Ndjamena, Chad – Since the fall in the price of oil in 2015, Chad has been struggling to deal with an economic crisis.
The main construction sites in the capital, Ndjamena, are abandoned, the market activities have suffered a slowdown and the salaries of state workers, including police and army officers, have been reduced as part of an austerity programme known locally as “the 16 measures“.
Chad’s health sector has been particularly affected – the national health budget was cut in half between 2013 and 2017.
According to a report by Amnesty International, doctors’ salaries have decreased from 517,000 to 317,000 Central African francs a month ($913 to $560).
The effect of the crisis is evident is hospitals and health centres, where medical staff face an increasing number of malnutrition cases.
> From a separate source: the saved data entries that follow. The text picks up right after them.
(* Let $\boldsymbol\mu\in\mathbb R^N$ with $\boldsymbol\mu>\mathbf 0$, and assume that $\mathbf I-\mathbf G$ is irreducible for every $\mathbf G\in\mathcal G(\boldsymbol\mu)$. Then there exists $\mathbf p\in\mathbb R^N$, $\mathbf p\geq\mathbf 0$, with $\mathbf A(\boldsymbol\mu)\mathbf p\geq\mathbf n(\boldsymbol\mu)$ if and only if $\max_{\mathbf G\in\mathcal G(\boldsymbol\mu)}\lambda(\mathbf I-\mathbf G)<1$.
   Context: Multicast system: $N\geq 2$ transmitters $T_1,\dots,T_N$; transmitter $T_i$ has $K_i\geq1$ receivers $R_i^{k}$, $k\in\mathcal K_i=\{1,\dots,K_i\}$; $K=\sum_i K_i$. Channel gains $g_{r_i^{k},t_j}\geq 0$ (from $T_j$ to $R_i^k$) with $g_{r_i^{k},t_i}>0$; noise variance $\sigma^2>0$. For $\boldsymbol\mu\in\mathbb R^N$, let $\mathbf a_i^{k}(\boldsymbol\mu)\in\mathbb R^{1\times N}$ be the row vector whose $i$-th entry is $1$ and whose $j$-th entry, $j\neq i$, is $-\mu_i\, g_{r_i^{k},t_j}/g_{r_i^{k},t_i}$, and let $n_i^{k}(\boldsymbol\mu)=\mu_i\sigma^2/g_{r_i^{k},t_i}$. $\mathbf A(\boldsymbol\mu)\in\mathbb R^{K\times N}$ is the matrix whose rows are all $\mathbf a_i^{k}(\boldsymbol\mu)$ ($i=1,\dots,N$, $k\in\mathcal K_i$), and $\mathbf n(\boldsymbol\mu)\in\mathbb R^K$ the vector of the corresponding $n_i^k(\boldsymbol\mu)$ in the same order. $\mathcal G(\boldsymbol\mu)$ is the set of all $N\times N$ matrices whose $i$-th row is $\mathbf a_i^{k_i}(\boldsymbol\mu)$ for some choice $k_i\in\mathcal K_i$, $i=1,\dots,N$ (the "embedded unicast systems"). For a nonnegative square matrix $\mathbf X$, $\lambda(\mathbf X)$ denotes its Perron–Frobenius eigenvalue (spectral radius). Inequalities are componentwise; $\boldsymbol\mu>\mathbf 0$ means all entries positive. *)

theory Defs
  imports "Jordan_Normal_Form.Spectral_Radius"
begin

(* Indexing conventions (0-based):
   transmitters T_i, i < N;  receivers R_i^k of T_i, k < K i;
   g i k j = channel gain g_{r_i^k, t_j} (from T_j to receiver R_i^k). *)

definition a_entry :: "(nat \<Rightarrow> nat \<Rightarrow> nat \<Rightarrow> real) \<Rightarrow> real vec \<Rightarrow> nat \<Rightarrow> nat \<Rightarrow> nat \<Rightarrow> real" where
  "a_entry g mu i k j = (if j = i then 1 else - (mu $ i) * g i k j / g i k i)"

definition n_entry :: "(nat \<Rightarrow> nat \<Rightarrow> nat \<Rightarrow> real) \<Rightarrow> real \<Rightarrow> real vec \<Rightarrow> nat \<Rightarrow> nat \<Rightarrow> real" where
  "n_entry g sigma2 mu i k = mu $ i * sigma2 / g i k i"

definition rx_list :: "nat \<Rightarrow> (nat \<Rightarrow> nat) \<Rightarrow> (nat \<times> nat) list" where
  "rx_list N K = concat (map (\<lambda>i. map (\<lambda>k. (i, k)) [0..<K i]) [0..<N])"

definition A_mat :: "nat \<Rightarrow> (nat \<Rightarrow> nat) \<Rightarrow> (nat \<Rightarrow> nat \<Rightarrow> nat \<Rightarrow> real) \<Rightarrow> real vec \<Rightarrow> real mat" where
  "A_mat N K g mu = mat (length (rx_list N K)) N
     (\<lambda>(r, j). case rx_list N K ! r of (i, k) \<Rightarrow> a_entry g mu i k j)"

definition n_vec :: "nat \<Rightarrow> (nat \<Rightarrow> nat) \<Rightarrow> (nat \<Rightarrow> nat \<Rightarrow> nat \<Rightarrow> real) \<Rightarrow> real \<Rightarrow> real vec \<Rightarrow> real vec" where
  "n_vec N K g sigma2 mu = vec (length (rx_list N K))
     (\<lambda>r. case rx_list N K ! r of (i, k) \<Rightarrow> n_entry g sigma2 mu i k)"

definition G_set :: "nat \<Rightarrow> (nat \<Rightarrow> nat) \<Rightarrow> (nat \<Rightarrow> nat \<Rightarrow> nat \<Rightarrow> real) \<Rightarrow> real vec \<Rightarrow> real mat set" where
  "G_set N K g mu = {mat N N (\<lambda>(i, j). a_entry g mu i (c i) j) | c. \<forall>i<N. c i < K i}"

definition vec_le :: "real vec \<Rightarrow> real vec \<Rightarrow> bool" where
  "vec_le x y \<longleftrightarrow> dim_vec x = dim_vec y \<and> (\<forall>r<dim_vec x. x $ r \<le> y $ r)"

definition irreducible_mat :: "real mat \<Rightarrow> bool" where
  "irreducible_mat X \<longleftrightarrow> dim_row X = dim_col X \<and>
     (\<forall>i<dim_row X. \<forall>j<dim_row X.
        (i, j) \<in> {(a, b). a < dim_row X \<and> b < dim_row X \<and> X $$ (a, b) \<noteq> 0}\<^sup>+)"

definition pf_lambda :: "real mat \<Rightarrow> real" where
  "pf_lambda X = spectral_radius (map_mat complex_of_real X)"

end

theory Submission
  imports Defs
begin

text \<open>Write \<open>B\<^sub>c = I - G\<^sub>c\<close> for the embedded unicast system that keeps receiver
  \<open>c i\<close> of each transmitter \<open>i\<close>. Then \<open>B\<^sub>c\<close> is nonnegative and the constraint of
  receiver \<open>(i, c i)\<close> reads \<open>p\<^sub>i - (B\<^sub>c p)\<^sub>i \<ge> n\<^sub>i\<close>. A feasible power vector thus
  satisfies \<open>B\<^sub>c p < p\<close> with \<open>p > 0\<close> for every \<open>c\<close>, which forces \<open>\<lambda>(B\<^sub>c) < 1\<close>.
  Conversely, if all \<open>\<lambda>(B\<^sub>c) < 1\<close>, then \<open>B\<^sub>c x \<le> x\<close> implies \<open>x \<ge> 0\<close> (iterate and let
  \<open>B\<^sub>c\<^sup>k x\<close> decay), so every unicast system has a nonnegative solution \<open>x\<^sub>c\<close> meeting its
  constraints with equality. The \<open>x\<^sub>c\<close> of largest total power is feasible for all
  receivers: if it violated the constraint of receiver \<open>(i, k)\<close>, switching \<open>c i\<close> to \<open>k\<close>
  would give a solution dominating \<open>x\<^sub>c\<close>, strictly in entry \<open>i\<close>.\<close>

lemma pow_mat_smult:
  fixes A :: "'a :: comm_ring_1 mat"
  assumes A: "A \<in> carrier_mat n n"
  shows "(a \<cdot>\<^sub>m A) ^\<^sub>m k = a ^ k \<cdot>\<^sub>m A ^\<^sub>m k"
proof (induction k)
  case 0
  show ?case using A by (intro eq_matI) auto
next
  case (Suc k)
  have Ak: "A ^\<^sub>m k \<in> carrier_mat n n" using A by simp
  have "(a \<cdot>\<^sub>m A) ^\<^sub>m Suc k = (a ^ k \<cdot>\<^sub>m A ^\<^sub>m k) * (a \<cdot>\<^sub>m A)" using Suc by simp
  also have "\<dots> = a ^ k \<cdot>\<^sub>m (a \<cdot>\<^sub>m (A ^\<^sub>m k * A))"
    by (simp add: mult_smult_assoc_mat[OF Ak smult_carrier_mat[OF A]] mult_smult_distrib[OF Ak A])
  finally show ?case by (intro eq_matI) (auto simp: mult.commute)
qed

lemma spectral_radius_smult_le:
  assumes A: "A \<in> carrier_mat n n" and n: "0 < n" and a: "a \<noteq> 0"
  shows "spectral_radius (a \<cdot>\<^sub>m A) \<le> cmod a * spectral_radius A"
proof -
  have aA: "a \<cdot>\<^sub>m A \<in> carrier_mat n n" using A by simp
  obtain e where e: "e \<in> spectrum (a \<cdot>\<^sub>m A)" and rho: "spectral_radius (a \<cdot>\<^sub>m A) = cmod e"
    using spectral_radius_mem_max(1)[OF aA n] by auto
  then obtain v where v: "v \<in> carrier_vec n" "v \<noteq> 0\<^sub>v n" and av: "(a \<cdot>\<^sub>m A) *\<^sub>v v = e \<cdot>\<^sub>v v"
    using aA unfolding spectrum_def eigenvalue_def eigenvector_def by auto
  have "a * (A *\<^sub>v v) $ i = e * v $ i" if "i < n" for i
    using arg_cong[OF av, of "\<lambda>w. w $ i"] that A v by simp
  then have "A *\<^sub>v v = (e / a) \<cdot>\<^sub>v v"
    using A v a by (intro eq_vecI) (auto simp: field_simps)
  then have "e / a \<in> spectrum A"
    using A v unfolding spectrum_def eigenvalue_def eigenvector_def by auto
  then have "cmod (e / a) \<le> spectral_radius A"
    using spectral_radius_mem_max(2)[OF A n] by auto
  then show ?thesis using a by (simp add: rho norm_divide field_simps)
qed

lemma spectral_radius_power_bound:
  assumes A: "A \<in> carrier_mat n n" and s: "spectral_radius A < s"
  shows "\<exists>c. \<forall>k. norm_bound (A ^\<^sub>m k) (c * s ^ k)"
proof (cases "n = 0")
  case True
  then show ?thesis using A by (auto simp: norm_bound_def)
next
  case False
  then have "0 \<le> spectral_radius A"
    using spectral_radius_mem_max(1)[OF A] by auto
  then have "0 < s" using s by simp
  define D where "D = complex_of_real (1 / s) \<cdot>\<^sub>m A"
  have D: "D \<in> carrier_mat n n" using A unfolding D_def by simp
  have "spectral_radius D \<le> spectral_radius A / s"
    using spectral_radius_smult_le[OF A _, of "complex_of_real (1 / s)"] False \<open>0 < s\<close>
    unfolding D_def by (simp add: norm_divide)
  also have "\<dots> < 1" using s \<open>0 < s\<close> by simp
  finally obtain c where c: "\<And>k. norm_bound (D ^\<^sub>m k) c"
    using spectral_radius_jnf_norm_bound_less_1_upper_triangular[OF D] by auto
  have "norm_bound (A ^\<^sub>m k) (c * s ^ k)" for k
  proof
    fix i j assume "i < dim_row (A ^\<^sub>m k)" "j < dim_col (A ^\<^sub>m k)"
    then have ij: "i < n" "j < n" using A by (auto split: if_splits)
    have "A = complex_of_real s \<cdot>\<^sub>m D"
      using \<open>0 < s\<close> A unfolding D_def by (intro eq_matI) (auto simp flip: of_real_mult)
    then have "(A ^\<^sub>m k) $$ (i, j) = complex_of_real s ^ k * (D ^\<^sub>m k) $$ (i, j)"
      using pow_mat_smult[OF D] ij A D by simp
    moreover have "norm ((D ^\<^sub>m k) $$ (i, j)) \<le> c"
      using c[of k] ij D unfolding norm_bound_def by simp
    ultimately show "norm ((A ^\<^sub>m k) $$ (i, j)) \<le> c * s ^ k"
      using \<open>0 < s\<close> by (simp add: norm_mult norm_power mult.commute mult_left_mono)
  qed
  then show ?thesis by blast
qed

lemma pf_lambda_power_bound:
  assumes B: "B \<in> carrier_mat n n" and s: "pf_lambda B < s"
  shows "\<exists>c. \<forall>k i j. i < n \<longrightarrow> j < n \<longrightarrow> \<bar>(B ^\<^sub>m k) $$ (i, j)\<bar> \<le> c * s ^ k"
proof -
  have C: "map_mat complex_of_real B \<in> carrier_mat n n" using B by simp
  obtain c where c: "\<And>k. norm_bound (map_mat complex_of_real B ^\<^sub>m k) (c * s ^ k)"
    using spectral_radius_power_bound[OF C] s unfolding pf_lambda_def by blast
  have "\<bar>(B ^\<^sub>m k) $$ (i, j)\<bar> \<le> c * s ^ k" if "i < n" "j < n" for k i j
    using c[of k] that B unfolding norm_bound_def
    by (simp flip: of_real_hom.mat_hom_pow[OF B])
  then show ?thesis by blast
qed

definition nonneg_mat :: "real mat \<Rightarrow> bool" where
  "nonneg_mat B \<longleftrightarrow> (\<forall>i<dim_row B. \<forall>j<dim_col B. 0 \<le> B $$ (i, j))"

lemma mult_mat_vec_index_sum:
  assumes "M \<in> carrier_mat nr n" "x \<in> carrier_vec n" "i < nr"
  shows "(M *\<^sub>v x) $ i = (\<Sum>j<n. M $$ (i, j) * x $ j)"
  using assms by (auto simp: scalar_prod_def lessThan_atLeast0 intro!: sum.cong)

lemma nonneg_mat_mult:
  assumes "A \<in> carrier_mat nr n" "B \<in> carrier_mat n nc" "nonneg_mat A" "nonneg_mat B"
  shows "nonneg_mat (A * B)"
  using assms unfolding nonneg_mat_def
  by (auto simp: scalar_prod_def intro!: sum_nonneg)

lemma nonneg_mat_pow:
  assumes B: "B \<in> carrier_mat n n" and "nonneg_mat B"
  shows "nonneg_mat (B ^\<^sub>m k)"
proof (induction k)
  case 0
  show ?case by (auto simp: nonneg_mat_def)
next
  case (Suc k)
  then show ?case using assms nonneg_mat_mult[of "B ^\<^sub>m k" n n B n] by simp
qed

lemma mult_mat_vec_mono:
  assumes M: "M \<in> carrier_mat nr n" and "nonneg_mat M" and x: "x \<in> carrier_vec n"
    and xz: "vec_le x z"
  shows "vec_le (M *\<^sub>v x) (M *\<^sub>v z)"
proof -
  have z: "z \<in> carrier_vec n" using x xz unfolding vec_le_def carrier_vec_def by simp
  show ?thesis
    using assms z unfolding vec_le_def nonneg_mat_def
    by (auto simp: scalar_prod_def intro!: sum_mono mult_left_mono)
qed

lemma nonneg_mat_mult_vec_nonneg:
  assumes M: "M \<in> carrier_mat nr n" and "nonneg_mat M" and x: "vec_le (0\<^sub>v n) x"
  shows "vec_le (0\<^sub>v nr) (M *\<^sub>v x)"
  using assms unfolding vec_le_def nonneg_mat_def
  by (auto simp: scalar_prod_def intro!: sum_nonneg)

text \<open>Iterating gives \<open>x \<ge> B\<^sup>k x\<close>, and \<open>B\<^sup>k x\<close> decays geometrically.\<close>

lemma nonneg_if_mult_mat_vec_le:
  assumes B: "B \<in> carrier_mat n n" and nonneg: "nonneg_mat B" and rho: "pf_lambda B < 1"
    and x: "x \<in> carrier_vec n" and le: "vec_le (B *\<^sub>v x) x"
  shows "vec_le (0\<^sub>v n) x"
proof -
  have "max 0 (pf_lambda B) < 1" using rho by simp
  then obtain s where s: "max 0 (pf_lambda B) < s" "s < 1" using dense by blast
  then have "pf_lambda B < s" by simp
  then obtain c where c: "\<forall>k i j. i < n \<longrightarrow> j < n \<longrightarrow> \<bar>(B ^\<^sub>m k) $$ (i, j)\<bar> \<le> c * s ^ k"
    using pf_lambda_power_bound[OF B] by blast
  have Bk: "B ^\<^sub>m k \<in> carrier_mat n n" for k using B by simp
  have iterate: "vec_le (B ^\<^sub>m k *\<^sub>v x) x" for k
  proof (induction k)
    case 0
    show ?case using B x by (simp add: vec_le_def)
  next
    case (Suc k)
    have "B ^\<^sub>m Suc k *\<^sub>v x = B ^\<^sub>m k *\<^sub>v (B *\<^sub>v x)"
      using assoc_mult_mat_vec[OF Bk B x] by simp
    then have "vec_le (B ^\<^sub>m Suc k *\<^sub>v x) (B ^\<^sub>m k *\<^sub>v x)"
      using mult_mat_vec_mono[OF Bk nonneg_mat_pow[OF B nonneg] _ le] B x by simp
    then show ?case using Suc unfolding vec_le_def by force
  qed
  define M where "M = (\<Sum>j<n. \<bar>x $ j\<bar>)"
  have lower: "- (c * s ^ k * M) \<le> x $ i" if i: "i < n" for i k
  proof -
    have "\<bar>(B ^\<^sub>m k *\<^sub>v x) $ i\<bar> \<le> (\<Sum>j<n. \<bar>(B ^\<^sub>m k) $$ (i, j)\<bar> * \<bar>x $ j\<bar>)"
      unfolding mult_mat_vec_index_sum[OF Bk x i] by (rule order_trans[OF sum_abs]) (simp add: abs_mult)
    also have "\<dots> \<le> (\<Sum>j<n. c * s ^ k * \<bar>x $ j\<bar>)"
      using c i by (intro sum_mono mult_right_mono) auto
    finally have "- (c * s ^ k * M) \<le> (B ^\<^sub>m k *\<^sub>v x) $ i"
      unfolding M_def sum_distrib_left by linarith
    also have "\<dots> \<le> x $ i" using iterate[of k] i B unfolding vec_le_def by simp
    finally show ?thesis .
  qed
  have "(\<lambda>k. - (c * s ^ k * M)) \<longlonglongrightarrow> - (c * 0 * M)"
    using s by (intro tendsto_intros LIMSEQ_power_zero) auto
  then have "0 \<le> x $ i" if "i < n" for i
    using LIMSEQ_le_const2[of _ 0 "x $ i"] lower[OF that] by auto
  then show ?thesis using x unfolding vec_le_def by simp
qed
A 2017 SMART survey found that the prevalence of severe acute malnutrition in N’Djamena stands at 4.9 percent, more than twice the emergency level set by the World Health Organization. Nationwide, an estimated four million people, out of 15 million, are food insecure. By the end of the year, the country’s health facilities are expected to receive more than 262,000 children, up to five years old, who suffer from severe acute malnutrition.
At the Chad-China Friendship Hospital, the number of malnourished children in need of treatment has doubled over the past 12 months.
“This year is exceptional,” says Veronica Ladangbe, who has worked as a nurse at the hospital for three years.
“At the beginning of June, we even had mothers on the floor, we could no longer enter this room. As the country is in crisis, it is hard for the poorest.”